Assignment: With no line omitted, restate the records below exactly as they appear.

Exercise data:
lemma nonlinearity_estimate:
  fixes p \<alpha> K :: real
  assumes p: "p \<ge> 0"
  obtains M where "M \<ge> 0"
    and "\<And>x h w. \<bar>w\<bar> \<le> 1/5 \<Longrightarrow> 5 \<le> log_weight x \<Longrightarrow> 0 \<le> h \<Longrightarrow> h \<le> K \<Longrightarrow>
      \<bar>h * rate p \<alpha> x - 1\<bar> \<le> K / (log_weight x)\<^sup>2 \<Longrightarrow>
      \<bar>h * \<bar>w + 1\<bar> powr (p - 1) * (w + 1) * ln (x\<^sup>2 * (w + 1)\<^sup>2 + 2) powr \<alpha> / ln (x\<^sup>2 + 2) powr \<alpha>
         - h * (w + 1) - w - p * w\<^sup>2 / 2\<bar>
        \<le> M * (\<bar>w\<bar> / (log_weight x)\<^sup>2 + w\<^sup>2 / log_weight x + \<bar>w\<bar> ^ 3)"
proof -
  obtain Cp where Cp: "Cp \<ge> 0"
    and A1: "\<And>w. \<bar>w\<bar> \<le> 1/5 \<Longrightarrow> \<bar>(1 + w) powr p - 1\<bar> \<le> Cp * \<bar>w\<bar>"
    and "\<And>w. \<bar>w\<bar> \<le> 1/5 \<Longrightarrow> \<bar>(1 + w) powr p - 1 - p * w\<bar> \<le> Cp * w\<^sup>2"
    and A3: "\<And>w. \<bar>w\<bar> \<le> 1/5 \<Longrightarrow> \<bar>(1 + w) powr p - 1 - p * w - p * (p - 1) / 2 * w\<^sup>2\<bar> \<le> Cp * \<bar>w\<bar> ^ 3"
    using powr_one_plus_estimates[of p] by blast
  obtain Cb where Cb: "Cb \<ge> 0"
    and B1: "\<And>x w. \<bar>w\<bar> \<le> 1/5 \<Longrightarrow> 5 \<le> log_weight x \<Longrightarrow>
           \<bar>(log_weight (x * (1 + w)) / log_weight x) powr \<alpha> - 1\<bar> \<le> Cb * (\<bar>w\<bar> / log_weight x)"
    and B2: "\<And>x w. \<bar>w\<bar> \<le> 1/5 \<Longrightarrow> 5 \<le> log_weight x \<Longrightarrow>
           \<bar>(log_weight (x * (1 + w)) / log_weight x) powr \<alpha> - 1 - 2 * \<alpha> * w / log_weight x\<bar>
             \<le> Cb * (w\<^sup>2 / log_weight x + \<bar>w\<bar> / (log_weight x)\<^sup>2)"
    using log_weight_ratio_powr_estimates[of \<alpha>] by blast
  define K' where "K' = max K (max Cp Cb)"
  define M where "M = (1 + p * (1 + \<bar>\<alpha>\<bar>)) * (K' + K'\<^sup>2 + K' ^ 3)"
  show thesis
  proof (rule that[of M])
    show "M \<ge> 0" unfolding M_def K'_def using p Cp by (intro mult_nonneg_nonneg add_nonneg_nonneg) auto
  next
    fix x h w :: real
    assume w: "\<bar>w\<bar> \<le> 1/5" and L: "5 \<le> log_weight x" and h: "0 \<le> h" "h \<le> K"
      and hg: "\<bar>h * rate p \<alpha> x - 1\<bar> \<le> K / (log_weight x)\<^sup>2"
    define \<epsilon> where "\<epsilon> = 1 / log_weight x"
    have \<epsilon>: "0 \<le> \<epsilon>" "\<epsilon> \<le> 1" unfolding \<epsilon>_def using L by simp_all
    have K': "K \<le> K'" "Cp \<le> K'" "Cb \<le> K'" unfolding K'_def by simp_all
    have X: "0 \<le> \<bar>w\<bar>" "0 \<le> \<bar>w\<bar> ^ 3" "0 \<le> \<bar>w\<bar> * \<epsilon>" "0 \<le> w\<^sup>2 * \<epsilon> + \<bar>w\<bar> * \<epsilon>\<^sup>2" "0 \<le> \<epsilon>\<^sup>2"
      using \<epsilon> by simp_all
    have "\<bar>h * (1 + w) powr p * (log_weight (x * (1 + w)) / log_weight x) powr \<alpha>
        - h * (w + 1) - w - p * w\<^sup>2 / 2\<bar>
        \<le> K' * (\<bar>w\<bar> * \<epsilon>\<^sup>2) + p * (1 + \<bar>\<alpha>\<bar>) * K' * (w\<^sup>2 * \<epsilon>) + K'\<^sup>2 * \<bar>w\<bar> ^ 3
           + K' ^ 3 * (w\<^sup>2 * \<epsilon>) + K'\<^sup>2 * (w\<^sup>2 * \<epsilon> + \<bar>w\<bar> * \<epsilon>\<^sup>2)"
    proof (rule nonlinearity_termwise_bound[OF p \<epsilon> h(1) order_trans[OF h(2) K'(1)]])
      show "\<bar>h * (p - 1 + 2 * \<alpha> * \<epsilon>) - 1\<bar> \<le> K' * \<epsilon>\<^sup>2"
        using hg mult_right_mono[OF K'(1) X(5)] unfolding rate_def \<epsilon>_def by (simp add: power_divide)
      show "\<bar>(1 + w) powr p - 1\<bar> \<le> K' * \<bar>w\<bar>"
        using A1[OF w] mult_right_mono[OF K'(2) X(1)] by simp
      show "\<bar>(1 + w) powr p - 1 - p * w - p * (p - 1) / 2 * w\<^sup>2\<bar> \<le> K' * \<bar>w\<bar> ^ 3"
        using A3[OF w] mult_right_mono[OF K'(2) X(2)] by simp
      show "\<bar>(log_weight (x * (1 + w)) / log_weight x) powr \<alpha> - 1\<bar> \<le> K' * (\<bar>w\<bar> * \<epsilon>)"
        using B1[OF w L] mult_right_mono[OF K'(3) X(3)] unfolding \<epsilon>_def by simp
      show "\<bar>(log_weight (x * (1 + w)) / log_weight x) powr \<alpha> - 1 - 2 * \<alpha> * \<epsilon> * w\<bar>
          \<le> K' * (w\<^sup>2 * \<epsilon> + \<bar>w\<bar> * \<epsilon>\<^sup>2)"
        using B2[OF w L] mult_right_mono[OF K'(3) X(4)] unfolding \<epsilon>_def by (simp add: power_divide)
    qed
    also have "\<dots> \<le> M * (\<bar>w\<bar> * \<epsilon>\<^sup>2 + w\<^sup>2 * \<epsilon> + \<bar>w\<bar> ^ 3)"
      unfolding M_def using h K'(1) p \<epsilon> by (intro error_terms_collect) auto
    finally show "\<bar>h * \<bar>w + 1\<bar> powr (p - 1) * (w + 1) * ln (x\<^sup>2 * (w + 1)\<^sup>2 + 2) powr \<alpha> / ln (x\<^sup>2 + 2) powr \<alpha>
         - h * (w + 1) - w - p * w\<^sup>2 / 2\<bar>
        \<le> M * (\<bar>w\<bar> / (log_weight x)\<^sup>2 + w\<^sup>2 / log_weight x + \<bar>w\<bar> ^ 3)"
      unfolding Nfun_main_term_eq[OF w] \<epsilon>_def by (simp add: power_divide)
  qed
qed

Output for this exercise:
lemma nonlinearity_estimate:
  fixes p \<alpha> K :: real
  assumes p: "p \<ge> 0"
  obtains M where "M \<ge> 0"
    and "\<And>x h w. \<bar>w\<bar> \<le> 1/5 \<Longrightarrow> 5 \<le> log_weight x \<Longrightarrow> 0 \<le> h \<Longrightarrow> h \<le> K \<Longrightarrow>
      \<bar>h * rate p \<alpha> x - 1\<bar> \<le> K / (log_weight x)\<^sup>2 \<Longrightarrow>
      \<bar>h * \<bar>w + 1\<bar> powr (p - 1) * (w + 1) * ln (x\<^sup>2 * (w + 1)\<^sup>2 + 2) powr \<alpha> / ln (x\<^sup>2 + 2) powr \<alpha>
         - h * (w + 1) - w - p * w\<^sup>2 / 2\<bar>
        \<le> M * (\<bar>w\<bar> / (log_weight x)\<^sup>2 + w\<^sup>2 / log_weight x + \<bar>w\<bar> ^ 3)"
proof -
  obtain Cp where Cp: "Cp \<ge> 0"
    and A1: "\<And>w. \<bar>w\<bar> \<le> 1/5 \<Longrightarrow> \<bar>(1 + w) powr p - 1\<bar> \<le> Cp * \<bar>w\<bar>"
    and "\<And>w. \<bar>w\<bar> \<le> 1/5 \<Longrightarrow> \<bar>(1 + w) powr p - 1 - p * w\<bar> \<le> Cp * w\<^sup>2"
    and A3: "\<And>w. \<bar>w\<bar> \<le> 1/5 \<Longrightarrow> \<bar>(1 + w) powr p - 1 - p * w - p * (p - 1) / 2 * w\<^sup>2\<bar> \<le> Cp * \<bar>w\<bar> ^ 3"
    using powr_one_plus_estimates[of p] by blast
  obtain Cb where Cb: "Cb \<ge> 0"
    and B1: "\<And>x w. \<bar>w\<bar> \<le> 1/5 \<Longrightarrow> 5 \<le> log_weight x \<Longrightarrow>
           \<bar>(log_weight (x * (1 + w)) / log_weight x) powr \<alpha> - 1\<bar> \<le> Cb * (\<bar>w\<bar> / log_weight x)"
    and B2: "\<And>x w. \<bar>w\<bar> \<le> 1/5 \<Longrightarrow> 5 \<le> log_weight x \<Longrightarrow>
           \<bar>(log_weight (x * (1 + w)) / log_weight x) powr \<alpha> - 1 - 2 * \<alpha> * w / log_weight x\<bar>
             \<le> Cb * (w\<^sup>2 / log_weight x + \<bar>w\<bar> / (log_weight x)\<^sup>2)"
    using log_weight_ratio_powr_estimates[of \<alpha>] by blast
  define K' where "K' = max K (max Cp Cb)"
  define M where "M = (1 + p * (1 + \<bar>\<alpha>\<bar>)) * (K' + K'\<^sup>2 + K' ^ 3)"
  show thesis
  proof (rule that[of M])
    show "M \<ge> 0" unfolding M_def K'_def using p Cp by (intro mult_nonneg_nonneg add_nonneg_nonneg) auto
  next
    fix x h w :: real
    assume w: "\<bar>w\<bar> \<le> 1/5" and L: "5 \<le> log_weight x" and h: "0 \<le> h" "h \<le> K"
      and hg: "\<bar>h * rate p \<alpha> x - 1\<bar> \<le> K / (log_weight x)\<^sup>2"
    define \<epsilon> where "\<epsilon> = 1 / log_weight x"
    have \<epsilon>: "0 \<le> \<epsilon>" "\<epsilon> \<le> 1" unfolding \<epsilon>_def using L by simp_all
    have K': "K \<le> K'" "Cp \<le> K'" "Cb \<le> K'" unfolding K'_def by simp_all
    have X: "0 \<le> \<bar>w\<bar>" "0 \<le> \<bar>w\<bar> ^ 3" "0 \<le> \<bar>w\<bar> * \<epsilon>" "0 \<le> w\<^sup>2 * \<epsilon> + \<bar>w\<bar> * \<epsilon>\<^sup>2" "0 \<le> \<epsilon>\<^sup>2"
      using \<epsilon> by simp_all
    have "\<bar>h * (1 + w) powr p * (log_weight (x * (1 + w)) / log_weight x) powr \<alpha>
        - h * (w + 1) - w - p * w\<^sup>2 / 2\<bar>
        \<le> K' * (\<bar>w\<bar> * \<epsilon>\<^sup>2) + p * (1 + \<bar>\<alpha>\<bar>) * K' * (w\<^sup>2 * \<epsilon>) + K'\<^sup>2 * \<bar>w\<bar> ^ 3
           + K' ^ 3 * (w\<^sup>2 * \<epsilon>) + K'\<^sup>2 * (w\<^sup>2 * \<epsilon> + \<bar>w\<bar> * \<epsilon>\<^sup>2)"
    proof (rule nonlinearity_termwise_bound[OF p \<epsilon> h(1) order_trans[OF h(2) K'(1)]])
      show "\<bar>h * (p - 1 + 2 * \<alpha> * \<epsilon>) - 1\<bar> \<le> K' * \<epsilon>\<^sup>2"
        using hg mult_right_mono[OF K'(1) X(5)] unfolding rate_def \<epsilon>_def by (simp add: power_divide)
      show "\<bar>(1 + w) powr p - 1\<bar> \<le> K' * \<bar>w\<bar>"
        using A1[OF w] mult_right_mono[OF K'(2) X(1)] by simp
      show "\<bar>(1 + w) powr p - 1 - p * w - p * (p - 1) / 2 * w\<^sup>2\<bar> \<le> K' * \<bar>w\<bar> ^ 3"
        using A3[OF w] mult_right_mono[OF K'(2) X(2)] by simp
      show "\<bar>(log_weight (x * (1 + w)) / log_weight x) powr \<alpha> - 1\<bar> \<le> K' * (\<bar>w\<bar> * \<epsilon>)"
        using B1[OF w L] mult_right_mono[OF K'(3) X(3)] unfolding \<epsilon>_def by simp
      show "\<bar>(log_weight (x * (1 + w)) / log_weight x) powr \<alpha> - 1 - 2 * \<alpha> * \<epsilon> * w\<bar>
          \<le> K' * (w\<^sup>2 * \<epsilon> + \<bar>w\<bar> * \<epsilon>\<^sup>2)"
        using B2[OF w L] mult_right_mono[OF K'(3) X(4)] unfolding \<epsilon>_def by (simp add: power_divide)
    qed
    also have "\<dots> \<le> M * (\<bar>w\<bar> * \<epsilon>\<^sup>2 + w\<^sup>2 * \<epsilon> + \<bar>w\<bar> ^ 3)"
      unfolding M_def using h K'(1) p \<epsilon> by (intro error_terms_collect) auto
    finally show "\<bar>h * \<bar>w + 1\<bar> powr (p - 1) * (w + 1) * ln (x\<^sup>2 * (w + 1)\<^sup>2 + 2) powr \<alpha> / ln (x\<^sup>2 + 2) powr \<alpha>
         - h * (w + 1) - w - p * w\<^sup>2 / 2\<bar>
        \<le> M * (\<bar>w\<bar> / (log_weight x)\<^sup>2 + w\<^sup>2 / log_weight x + \<bar>w\<bar> ^ 3)"
      unfolding Nfun_main_term_eq[OF w] \<epsilon>_def by (simp add: power_divide)
  qed
qed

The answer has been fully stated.